Published May 1, 2026 · Updated May 1, 2026

Open-source AI coding assistant for VS Code and JetBrains whose real differentiator is one shareable config that standardizes the model stack across a whole team.

Free (BYO API key); Continue Hub free tier with team plans available by Pondero Editorial
4.3

What is Continue?

Continue is an open-source coding assistant that ships as a VS Code extension and a JetBrains plugin. Cursor, Copilot, and most rivals hand you an opinionated stack you cannot fully see into. Continue does the opposite: the model for chat, the model for autocomplete, the model for edits, the context providers, and the slash commands are all declared in a config file you own. That is the entire product thesis, and whether it is a feature or a chore depends on one thing about your team.

The differentiator is the config artifact

Because the stack is a file, it is shareable, reviewable, and enforceable. A team can pin one assistant definition and everyone runs the same models against the same context, instead of ten engineers each on a different tool with different defaults:

# A team-pinned assistant: same models and context for everyone
models:
  - name: chat
    provider: anthropic
    model: claude-sonnet
  - name: autocomplete
    provider: deepseek
    model: deepseek-coder       # cheap model where quality matters least
context:
  - provider: code
  - provider: docs
  - provider: terminal

The autocomplete-on-a-cheap-model, chat-on-a-strong-model split is the move most teams cannot make in a single-model tool, and it is where Continue's cost story actually lives. Continue Hub extends the same idea: assistant configs become shareable artifacts across the org, with paid team tiers adding governance and analytics on top.

Who should pick it, and who should not

Pick Continue if you have the org-fragmentation problem: multiple teams, mixed IDEs, no agreed stack, and a real reason to standardize (cost control, a privacy-driven model choice, a self-hosted model). The config-as-artifact model is the cleanest answer to that specific problem in the category.

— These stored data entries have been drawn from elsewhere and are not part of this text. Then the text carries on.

(* Let $d\ge1$ and let $G$ be obtained from an $\mathcal{R}_d$-independent graph by adding at most $2$ edges. Then $G$ is $\mathcal{R}_{d+1}$-independent.
   Context: For a graph $G=(V,E)$ and a generic $p:V\to\mathbb{R}^d$ (coordinates algebraically independent over $\mathbb{Q}$), the rigidity matrix has a row for each $uv\in E$ with $p(u)-p(v)$ in the $d$ columns of $u$, $p(v)-p(u)$ in those of $v$, zeros elsewhere; $\mathcal{R}_d$ is its row matroid, with rank $r_d$. A graph with edge set $F$ is $\mathcal{R}_d$-independent if $r_d(F)=|F|$. Graphs are simple; added edges join existing non-adjacent vertices. *)

theory Defs
  imports Complex_Main
begin

definition simple_graph :: "'v set \<Rightarrow> 'v set set \<Rightarrow> bool" where
  "simple_graph V E \<longleftrightarrow> finite V \<and> (\<forall>e\<in>E. e \<subseteq> V \<and> card e = 2)"

text \<open>A polynomial is a finitely supported coefficient function on monomials
  (exponent vectors supported in I).\<close>
definition alg_indep_over_rat :: "'i set \<Rightarrow> ('i \<Rightarrow> real) \<Rightarrow> bool" where
  "alg_indep_over_rat I x \<longleftrightarrow>
     (\<forall>c :: ('i \<Rightarrow> nat) \<Rightarrow> rat.
        finite {m. c m \<noteq> 0} \<longrightarrow>
        (\<forall>m. c m \<noteq> 0 \<longrightarrow> (\<forall>i. i \<notin> I \<longrightarrow> m i = 0)) \<longrightarrow>
        (\<Sum>m\<in>{m. c m \<noteq> 0}. of_rat (c m) * (\<Prod>i\<in>I. x i ^ m i)) = 0 \<longrightarrow>
        (\<forall>m. c m = 0))"
lemma reachable_E0_sides:
  assumes "u \<in> U"
  shows "reachable E0 a u \<longleftrightarrow> \<not> reachable E0 b u"
proof -
  have cd_irrelevant: "reachable (insert {c, d} E0) z u \<longleftrightarrow> reachable E0 z u" if "z \<in> U" for z
    using reachable_insert_edge[of c d E0 z u]
      not_reachable_E0_across(1)[OF that cd_edge(2)] not_reachable_E0_across(1)[OF that cd_edge(3)]
    by blast
  have "E = insert {a, b} (insert {c, d} E0)"
    using ab_edge(1) cd_edge(1) by auto
  moreover have "reachable E a u"
    by (rule components_reachable[OF U ab_edge(2) assms])
  ultimately have "reachable (insert {a, b} (insert {c, d} E0)) a u"
    by (simp only:)
  then have "reachable (insert {c, d} E0) a u \<or> reachable (insert {c, d} E0) b u"
    unfolding reachable_insert_edge[of a b] by auto
  then have "reachable E0 a u \<or> reachable E0 b u"
    using cd_irrelevant ab_edge(2,3) by blast
  moreover have "\<not> (reachable E0 a u \<and> reachable E0 b u)"
  proof
    assume "reachable E0 a u \<and> reachable E0 b u"
    then have "reachable E0 a b"
      using rtranclp_trans[of "adj E0" a u b] reachable_sym[of E0 b u] by blast
    with bridges_E0(1) show False ..
  qed
  ultimately show ?thesis
    by blast
qed

lemma E0_swap: "E - {{c, d}, {a, b}} = E0"
  by auto

lemma reachable_E0_sides': "w \<in> U' \<Longrightarrow> reachable E0 c w \<longleftrightarrow> \<not> reachable E0 d w"
  using forest_edge_pair.reachable_E0_sides[OF forest_edge_pair_swap] unfolding E0_swap .

lemma two_switch_eq: "two_switch E a b c d = E1"
proof -
  have "interchangeable E a b c d"
    unfolding interchangeable_def using ab_edge(1) cd_edge(1) distinct_ends new_edges_notin by auto
  then show ?thesis
    by (auto simp: two_switch_def)
qed

lemma simple_E1: "simple_graph V E1"
proof -
  have "a \<in> V" "b \<in> V" "c \<in> V" "d \<in> V"
    using components_subset[OF U] components_subset[OF U'] ab_edge cd_edge by auto
  moreover have "\<exists>x y. x \<noteq> y \<and> x \<in> V \<and> y \<in> V \<and> e = {x, y}" if "e \<in> E" for e
    using simple_E that unfolding simple_graph_def by blast
  ultimately show ?thesis
    using simple_E distinct_ends unfolding simple_graph_def by auto
qed

lemma is_cycle_E0: "is_cycle E xs \<Longrightarrow> is_cycle E0 xs"
proof -
  assume "is_cycle E xs"
  then have "is_cycle (E - {{a, b}}) xs"
    by (rule is_cycle_remove_bridge[OF _ forest_edge_is_bridge[OF simple_E U forest_ab]])
  moreover have "E - {{a, b}} - {{c, d}} = E0"
    by auto
  ultimately show "is_cycle E0 xs"
    using is_cycle_remove_bridge[of "E - {{a, b}}" xs c d] bridges_E0(2) by simp
qed

lemma is_cycle_E1_iff: "is_cycle E1 xs \<longleftrightarrow> is_cycle E xs"
proof
  assume "is_cycle E xs"
  then show "is_cycle E1 xs"
    using is_cycle_E0 is_cycle_mono[of E0 xs E1] by blast
next
  assume cyc: "is_cycle E1 xs"
  have "E1 - {{a, c}} = insert {b, d} E0"
    using new_edges_notin distinct_ends by (auto simp: doubleton_eq_iff)
  moreover have "\<not> reachable (insert {b, d} E0) a c"
    unfolding reachable_insert_edge
    using not_reachable_E0_across[OF ab_edge(2) cd_edge(2)] not_reachable_E0_across[OF ab_edge(2) cd_edge(3)] bridges_E0(1)
    by blast
  ultimately have "is_cycle (insert {b, d} E0) xs"
    using is_cycle_remove_bridge[OF cyc, of a c] by simp
  moreover have "insert {b, d} E0 - {{b, d}} = E0"
    using new_edges_notin by auto
  ultimately have "is_cycle E0 xs"
    using is_cycle_remove_bridge[of "insert {b, d} E0" xs b d] not_reachable_E0_across(1)[OF ab_edge(3) cd_edge(3)]
    by simp
  then show "is_cycle E xs"
    by (rule is_cycle_mono) blast
qed

lemma reachable_E1_across:
  assumes u: "u \<in> U" and w: "w \<in> U'"
  shows "reachable E1 u w \<longleftrightarrow>
    reachable E0 a u \<and> reachable E0 c w \<or> reachable E0 b u \<and> reachable E0 d w"
proof -
  let ?F = "insert {b, d} E0"
  note across = not_reachable_E0_across
  have F_U: "reachable ?F x y \<longleftrightarrow> reachable E0 x y" if "x \<in> U" "y \<in> U" for x y
    unfolding reachable_insert_edge using across[OF that(1) cd_edge(3)] across[OF that(2) cd_edge(3)] by simp
  have F_U': "reachable ?F x y \<longleftrightarrow> reachable E0 x y" if "x \<in> U'" "y \<in> U'" for x y
    unfolding reachable_insert_edge using across[OF ab_edge(3) that(1)] across[OF ab_edge(3) that(2)] by simp
  have F_across: "reachable ?F x y \<longleftrightarrow> reachable E0 x b \<and> reachable E0 d y"
    if "x \<in> U" "y \<in> U'" for x y
    unfolding reachable_insert_edge using across[OF that] across[OF that(1) cd_edge(3)] by simp
  have "\<not> reachable E0 d c"
    using bridges_E0(2) reachable_sym by metis
  then have "reachable E1 u w \<longleftrightarrow> reachable E0 u b \<and> reachable E0 d w \<or> reachable E0 u a \<and> reachable E0 c w"
    unfolding reachable_insert_edge[of a c ?F]
    using F_U[OF u ab_edge(2)] F_U'[OF cd_edge(2) w] F_across[OF u w] F_across[OF u cd_edge(2)] by simp
  moreover have "reachable E0 u a \<longleftrightarrow> reachable E0 a u" "reachable E0 u b \<longleftrightarrow> reachable E0 b u"
    using reachable_sym by metis+
  ultimately show ?thesis
    by blast
qed

lemma reachable_E1_outside:
  assumes xy: "reachable E1 x y" and x: "x \<notin> U" "x \<notin> U'"
  shows "reachable E x y"
proof -
  let ?G = "insert {b, d} E"
  have far: "\<not> reachable E x z" if "z \<in> U \<or> z \<in> U'" for z
  proof
    assume "reachable E x z"
    then have "reachable E z x"
      by (rule reachable_sym)
    then have "x \<in> U \<or> x \<in> U'"
      using that components_closed[OF simple_E U, of z x] components_closed[OF simple_E U', of z x] by blast
    with x show False
      by blast
  qed
  have G: "reachable ?G x z \<longleftrightarrow> reachable E x z" for z
    unfolding reachable_insert_edge using far[of b] far[of d] ab_edge(3) cd_edge(3) by simp
  have "reachable (insert {a, c} ?G) x y"
    using xy by (rule reachable_mono) blast
  then show ?thesis
    unfolding reachable_insert_edge[of a c ?G] G using far[of a] far[of c] ab_edge(2) cd_edge(2) by simp
qed

lemma new_connection_across:
  assumes xy: "reachable E1 x y" and not_xy: "\<not> reachable E x y"
  shows "x \<in> U \<and> y \<in> U' \<or> x \<in> U' \<and> y \<in> U"
proof -
  have "x \<in> U \<or> x \<in> U'"
    using reachable_E1_outside[OF xy] not_xy by blast
  moreover have "y \<in> U \<or> y \<in> U'"
  proof (rule ccontr)
    assume "\<not> (y \<in> U \<or> y \<in> U')"
    then have "reachable E y x"
      using reachable_E1_outside[OF reachable_sym[OF xy]] by blast
    with not_xy show False
      using reachable_sym[of E y x] by blast
  qed
  moreover have "\<not> (x \<in> U \<and> y \<in> U)" "\<not> (x \<in> U' \<and> y \<in> U')"
    using components_reachable[OF U, of x y] components_reachable[OF U', of x y] not_xy by auto
  ultimately show ?thesis
    by blast
qed

lemma cycle_vertices_reachable:
  assumes C: "C \<in> components V E" and x: "x \<in> cycle_vertices E \<inter> C" and y: "y \<in> cycle_vertices E \<inter> C"
  shows "reachable E0 x y"
proof -
  obtain xs ys where xs: "is_cycle E xs" "x \<in> set xs" and ys: "is_cycle E ys" "y \<in> set ys"
    using x y by (auto simp: cycle_vertices_def)
  have "x \<in> C" "y \<in> C"
    using x y by simp_all
  then have "reachable E x y"
    by (rule components_reachable[OF C])
  then have "cycle_edges xs = cycle_edges ys"
    by (rule pseudoforest_cycle_edges_eq[OF pseudoforest xs(1) ys(1) xs(2) ys(2)])
  then have "y \<in> set xs"
    using set_eq_if_cycle_edges_eq ys(2) by blast
  then show ?thesis
    by (rule reachable_on_cycle[OF is_cycle_E0[OF xs(1)] xs(2)])
qed

lemma new_connection_joins_cycles:
  assumes p: "p \<in> cycle_vertices E \<inter> U" and q: "q \<in> cycle_vertices E \<inter> U'"
    and x: "x \<in> cycle_vertices E" and y: "y \<in> cycle_vertices E"
    and xy: "reachable E1 x y" and not_xy: "\<not> reachable E x y"
  shows "reachable E1 p q"
proof -
  have E0_E1: "reachable E1 s t" if "reachable E0 s t" for s t
    using that by (rule reachable_mono) blast
  from new_connection_across[OF xy not_xy] show ?thesis
  proof (elim disjE conjE)
    assume "x \<in> U" "y \<in> U'"
    with x y have "reachable E0 p x" "reachable E0 y q"
      using cycle_vertices_reachable[OF U p, of x] cycle_vertices_reachable[OF U' _ q, of y]
      by simp_all
    then show ?thesis
      using rtranclp_trans[OF rtranclp_trans[OF E0_E1 xy] E0_E1] by blast
  next
    assume "x \<in> U'" "y \<in> U"
    with x y have "reachable E0 p y" "reachable E0 x q"
      using cycle_vertices_reachable[OF U p, of y] cycle_vertices_reachable[OF U' _ q, of x]
      by simp_all
    then show ?thesis
      using rtranclp_trans[OF rtranclp_trans[OF E0_E1 reachable_sym[OF xy]] E0_E1] by blast
  qed
qed

lemma pseudoforest_E1_iff:
  assumes p: "p \<in> cycle_vertices E \<inter> U" and q: "q \<in> cycle_vertices E \<inter> U'"
  shows "pseudoforest V E1 \<longleftrightarrow> \<not> reachable E1 p q"
proof
  assume pf1: "pseudoforest V E1"
  show "\<not> reachable E1 p q"
  proof
    assume pq: "reachable E1 p q"
    obtain xs ys where xs: "is_cycle E xs" "p \<in> set xs" and ys: "is_cycle E ys" "q \<in> set ys"
      using p q by (auto simp: cycle_vertices_def)
    have "cycle_edges xs = cycle_edges ys"
      using pseudoforest_cycle_edges_eq[OF pf1 _ _ xs(2) ys(2) pq] xs(1) ys(1)
      by (simp add: is_cycle_E1_iff)
    then have "p \<in> set ys"
      using set_eq_if_cycle_edges_eq xs(2) by blast
    then have "reachable E p q"
      by (rule reachable_on_cycle[OF ys(1) _ ys(2)])
    with p q show False
      using not_reachable_across[of p q] by blast
  qed
next
  assume not_pq: "\<not> reachable E1 p q"
  show "pseudoforest V E1"
  proof (rule pseudoforestI[OF simple_E1])
    fix xs ys x y
    assume "is_cycle E1 xs" "is_cycle E1 ys" and x: "x \<in> set xs" and y: "y \<in> set ys"
      and xy: "reachable E1 x y"
    then have xs: "is_cycle E xs" and ys: "is_cycle E ys"
      by (simp_all add: is_cycle_E1_iff)
    have "x \<in> cycle_vertices E" "y \<in> cycle_vertices E"
      using xs ys x y by (auto simp: cycle_vertices_def)
    with not_pq have "reachable E x y"
      using new_connection_joins_cycles[OF p q _ _ xy] by blast
    then show "cycle_edges xs = cycle_edges ys"
      by (rule pseudoforest_cycle_edges_eq[OF pseudoforest xs ys x y])
  qed
qed

lemma p_switch_iff_sides:
  assumes p: "p \<in> cycle_vertices E \<inter> U" and q: "q \<in> cycle_vertices E \<inter> U'"
  shows "p_switch V E a b c d \<longleftrightarrow>
    \<not> (reachable E0 a p \<and> reachable E0 c q \<or> reachable E0 b p \<and> reachable E0 d q)"
proof -
  have "E1 \<noteq> E"
    using new_edges_notin by blast
  then have "p_switch V E a b c d \<longleftrightarrow> \<not> reachable E1 p q"
    unfolding p_switch_def two_switch_eq using pseudoforest_E1_iff[OF p q] by blast
  moreover have "p \<in> U" "q \<in> U'"
    using p q by simp_all
  ultimately show ?thesis
    using reachable_E1_across[of p q] by simp
qed

end

theorem lemma4p6:
  fixes V :: "'a set" and E :: "'a set set" and U U' :: "'a set" and a b c d :: 'a
  assumes "pseudoforest V E"
    and "U \<in> components V E" and "U' \<in> components V E" and "U \<noteq> U'"
    and "unicyclic U (induced E U)" and "unicyclic U' (induced E U')"
    and "{a, b} \<in> forest_edges (induced E U)"
    and "{c, d} \<in> forest_edges (induced E U')"
  shows "p_switch V E a b c d \<longleftrightarrow> \<not> p_switch V E a b d c"
proof -
  interpret forest_edge_pair V E U U' a b c d
    by (rule forest_edge_pair.intro) (fact assms)+
  interpret swapped: forest_edge_pair V E U U' a b d c
    by (rule forest_edge_pair.intro) (use assms in \<open>simp_all add: insert_commute\<close>)
  obtain p q where p: "p \<in> cycle_vertices E \<inter> U" and q: "q \<in> cycle_vertices E \<inter> U'"
    using unicyclic_cycle_vertices[OF assms(5)] unicyclic_cycle_vertices[OF assms(6)] by blast
  have E0_swapped: "E - {{a, b}, {d, c}} = E0"
    by (simp add: insert_commute)
  have "p_switch V E a b c d \<longleftrightarrow>
      \<not> (reachable E0 a p \<and> reachable E0 c q \<or> reachable E0 b p \<and> reachable E0 d q)"
    by (rule p_switch_iff_sides[OF p q])
  moreover have "p_switch V E a b d c \<longleftrightarrow>
      \<not> (reachable E0 a p \<and> reachable E0 d q \<or> reachable E0 b p \<and> reachable E0 c q)"
    using swapped.p_switch_iff_sides[OF p q] unfolding E0_swapped .
  moreover have "reachable E0 a p \<longleftrightarrow> \<not> reachable E0 b p"
    using p by (simp add: reachable_E0_sides)
  moreover have "reachable E0 c q \<longleftrightarrow> \<not> reachable E0 d q"
    using q by (simp add: reachable_E0_sides')
  ultimately show ?thesis
    by blast
qed

end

Skip it if you are a solo developer or a small team without that problem. The configurability is a setup tax you pay whether or not you need what it buys, and Cursor's opinionated defaults will get a single developer productive faster. Continue's edge is organizational, not individual; bought for the wrong reason it is just a slower start.

Pricing

IDE extensions are free; you bring your own API keys, so model spend is your only floor cost and you control it directly through the config above. Continue Hub has a free tier. Paid team plans add shared assistants, governance, and usage analytics, which matter only once the standardization use case is the reason you are here.